Nasdaq closed up 38.13 points, or 2.28%, Dow Jones Industrial Average closed up 168.78 points, or 2.11%, S&P 500 closed up 18.48 points, or 2.16%, and NYSE closed up 146.29 points, or 2.72%.

Market helped by positive reports

The second trader went on to explain that the markets may have been helped by various Bloomberg stories, which reported that Barron's Bob O'Brien said that equities have reached a bottom and Lewis Ranieri, chairman of an investment firm, said that the housing slump is almost over.

Also, "GDP was waived off as not being very representative," the trader continued.

Real gross domestic product decreased at an annual rate of 6.1% in the first quarter when compared to the fourth quarter, according to advance estimates released by the Bureau of Economic Analysis. In the fourth quarter, real GDP decreased 6.3%.

"People just assume now the news will be negative. Negative news has been priced in, as long as there are no surprises," the trader added.

Flexsys tweaks deal, prices

Moving to new deal happenings, Flexsys Verkauf, Solutia's German subsidiary, increased the size of its two-year senior unsecured term loan to $74 million from $50 million and set pricing at Libor plus 850 basis points with a 3.5% Libor floor and an original issue discount of 95, according to a market source.

At launch, pricing on the term loan was indicated at 12% plus an original issue discount that was still to be determined. It was unknown whether final pricing would end up as a fixed rate or a floating rate.

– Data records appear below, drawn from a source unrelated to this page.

definition monomial_order :: "(('v \<Rightarrow>\<^sub>0 nat) \<Rightarrow> ('v \<Rightarrow>\<^sub>0 nat) \<Rightarrow> bool) \<Rightarrow> bool" where
  "monomial_order le \<longleftrightarrow>
     (\<forall>x. le x x) \<and> (\<forall>x y z. le x y \<longrightarrow> le y z \<longrightarrow> le x z) \<and>
     (\<forall>x y. le x y \<longrightarrow> le y x \<longrightarrow> x = y) \<and> (\<forall>x y. le x y \<or> le y x) \<and>
     (\<forall>x. le 0 x) \<and> (\<forall>x y z. le x y \<longrightarrow> le (x + z) (y + z))"

definition lead_mon :: "(('v \<Rightarrow>\<^sub>0 nat) \<Rightarrow> ('v \<Rightarrow>\<^sub>0 nat) \<Rightarrow> bool) \<Rightarrow> ('v, 'a::zero) mpoly \<Rightarrow> 'v \<Rightarrow>\<^sub>0 nat" where
  "lead_mon le f = (THE m. m \<in> Poly_Mapping.keys f \<and> (\<forall>m'\<in>Poly_Mapping.keys f. le m' m))"

definition init_ideal :: "(('v \<Rightarrow>\<^sub>0 nat) \<Rightarrow> ('v \<Rightarrow>\<^sub>0 nat) \<Rightarrow> bool) \<Rightarrow> ('v, 'a::comm_ring_1) mpoly set \<Rightarrow> ('v, 'a) mpoly set" where
  "init_ideal le I = ideal_gen {monom (lead_mon le f) | f. f \<in> I \<and> f \<noteq> 0}"

definition G_nice :: "(('v \<Rightarrow>\<^sub>0 nat) \<Rightarrow> ('v \<Rightarrow>\<^sub>0 nat) \<Rightarrow> bool) \<Rightarrow> ('v, 'a::comm_ring_1) mpoly set \<Rightarrow> ('v, 'a) mpoly set \<Rightarrow> bool" where
  "G_nice le J E \<longleftrightarrow> init_ideal le (ideal_sum J E) = ideal_sum (init_ideal le J) (init_ideal le E)"

definition G_nice_closure :: "(('v \<Rightarrow>\<^sub>0 nat) \<Rightarrow> ('v \<Rightarrow>\<^sub>0 nat) \<Rightarrow> bool) \<Rightarrow> ('v, 'a::comm_ring_1) mpoly set \<Rightarrow> ('v, 'a) mpoly set \<Rightarrow> ('v, 'a) mpoly set" where
  "G_nice_closure le J E = \<Inter>{F. is_monomial_ideal F \<and> E \<subseteq> F \<and> G_nice le J F}"

end

theory Submission
  imports Defs
begin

Jefferies is the lead bank on the deal.

Syndication was done through one-on-one roadshows, and the deal was run off of the bank's high-yield desk.

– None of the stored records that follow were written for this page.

(* In a search game (as defined in the context), for a mixed outcome $f:\Omega\to[0,1]$ the following are equivalent: (i) $f$ can be induced by a lottery over pure strategy profiles; (ii) $f$ is compatible; (iii) $f$ can be generated by a fractional allocation, i.e., $f=f_\alpha$ for some fractional allocation $\alpha$.
   Context: A search game has a finite set of players $N=\{1,\ldots,n\}$, a finite set $\Omega$ of locations, for each player $i$ a partition $\Pi_i$ of $\Omega$ (with $\pi_i(\omega)$ the cell containing $\omega$) and a capacity $K_i\in\mathbb{N}$ (other ingredients such as prior, costs and rewards are irrelevant here). A pure strategy $s_i$ assigns to each cell $\pi_i\in\Pi_i$ a subset $s_i(\pi_i)\subseteq\pi_i$ with at most $K_i$ elements; a pure profile is $s=(s_1,\ldots,s_n)$, and $m_s(\omega)=\sum_{i\in N}\mathbf{1}_{\omega\in s_i(\pi_i(\omega))}$. A mixed outcome is a function $f:\Omega\to[0,1]$. A lottery over pure profiles (a probability distribution $\sigma$ over the finite set of pure profiles) induces the mixed outcome $f(\omega)=\sigma(\{s: m_s(\omega)\ge1\})$. A mixed outcome $f$ is compatible if for every $W\subseteq\Omega$: $\sum_{\omega\in W}f(\omega)\le\sum_{i\in N}K_i\cdot|\{\pi_i\in\Pi_i:\pi_i\cap W\ne\emptyset\}|$. A fractional allocation $\alpha=(\alpha_1,\ldots,\alpha_n)$ specifies a number $\alpha_i(\pi_i,\omega)\ge0$ for every player $i$, cell $\pi_i\in\Pi_i$ and $\omega\in\pi_i$, such that $\sum_{\omega\in\pi_i}\alpha_i(\pi_i,\omega)\le K_i$ for every cell $\pi_i$; it generates the mixed outcome $f_\alpha(\omega)=\min\big(1,\sum_{i\in N}\alpha_i(\pi_i(\omega),\omega)\big)$. *)

theory Defs
  imports "HOL-Probability.Probability_Mass_Function" "HOL-Library.Disjoint_Sets"
begin

text \<open>Players have type 'i (player set N), locations have type 'w (location set \<Omega>).
  P i is the partition of player i, K i its capacity.\<close>

definition cell :: "('i \<Rightarrow> 'w set set) \<Rightarrow> 'i \<Rightarrow> 'w \<Rightarrow> 'w set" where
  "cell P i \<omega> = (THE c. c \<in> P i \<and> \<omega> \<in> c)"

text \<open>A pure strategy of player i: a subset of size at most K i of each cell
  (and, for canonicity, the empty set on non-cells).\<close>
definition pure_strategy :: "('i \<Rightarrow> 'w set set) \<Rightarrow> ('i \<Rightarrow> nat) \<Rightarrow> 'i \<Rightarrow> ('w set \<Rightarrow> 'w set) \<Rightarrow> bool" where
  "pure_strategy P K i t \<longleftrightarrow>
     (\<forall>c\<in>P i. t c \<subseteq> c \<and> card (t c) \<le> K i) \<and> (\<forall>c. c \<notin> P i \<longrightarrow> t c = {})"

definition pure_profile :: "'i set \<Rightarrow> ('i \<Rightarrow> 'w set set) \<Rightarrow> ('i \<Rightarrow> nat) \<Rightarrow> ('i \<Rightarrow> 'w set \<Rightarrow> 'w set) \<Rightarrow> bool" where
  "pure_profile N P K s \<longleftrightarrow>
     (\<forall>i\<in>N. pure_strategy P K i (s i)) \<and> (\<forall>i. i \<notin> N \<longrightarrow> s i = (\<lambda>_. {}))"

definition searchers :: "'i set \<Rightarrow> ('i \<Rightarrow> 'w set set) \<Rightarrow> ('i \<Rightarrow> 'w set \<Rightarrow> 'w set) \<Rightarrow> 'w \<Rightarrow> nat" where
  "searchers N P s \<omega> = (\<Sum>i\<in>N. if \<omega> \<in> s i (cell P i \<omega>) then 1 else 0)"

definition induced_by_lottery :: "'i set \<Rightarrow> 'w set \<Rightarrow> ('i \<Rightarrow> 'w set set) \<Rightarrow> ('i \<Rightarrow> nat) \<Rightarrow> ('w \<Rightarrow> real) \<Rightarrow> bool" where
  "induced_by_lottery N \<Omega> P K f \<longleftrightarrow>
     (\<exists>\<sigma> :: ('i \<Rightarrow> 'w set \<Rightarrow> 'w set) pmf.
        set_pmf \<sigma> \<subseteq> {s. pure_profile N P K s} \<and>
        (\<forall>\<omega>\<in>\<Omega>. f \<omega> = measure_pmf.prob \<sigma> {s. searchers N P s \<omega> \<ge> 1}))"

definition compatible :: "'i set \<Rightarrow> 'w set \<Rightarrow> ('i \<Rightarrow> 'w set set) \<Rightarrow> ('i \<Rightarrow> nat) \<Rightarrow> ('w \<Rightarrow> real) \<Rightarrow> bool" where
  "compatible N \<Omega> P K f \<longleftrightarrow>
     (\<forall>W\<subseteq>\<Omega>. (\<Sum>\<omega>\<in>W. f \<omega>) \<le> (\<Sum>i\<in>N. real (K i) * real (card {c\<in>P i. c \<inter> W \<noteq> {}})))"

Proceeds will be used to provide additional liquidity to parent company Solutia.

Flexsys is a producer of a chemical used in tire manufacturing. The company has an 85% market share in Europe.

Jones readying close

Jones Apparel Group expects to close on its up to $650 million three-year ABL revolving credit facility (Ba2/BB-) within the next week, according to a news release.

And, in the company's Wednesday 10-Q filing, it was revealed that $600 million of commitments have come in so far, and that an additional $50 million may be done by obtaining additional commitments with the consent of the administrative agent.

JPMorgan and Citigroup are the lead banks on the deal.

The revolver is talked at Libor plus 450 bps.

Proceeds will be used to replace the company's existing $600 million ABL facility that expires in May 2010.

The company said that the new ABL agreement reduces financial covenants and provides ample liquidity for operations.

Jones Apparel is a New York-based designer, marketer and wholesaler of branded apparel, footwear and accessories.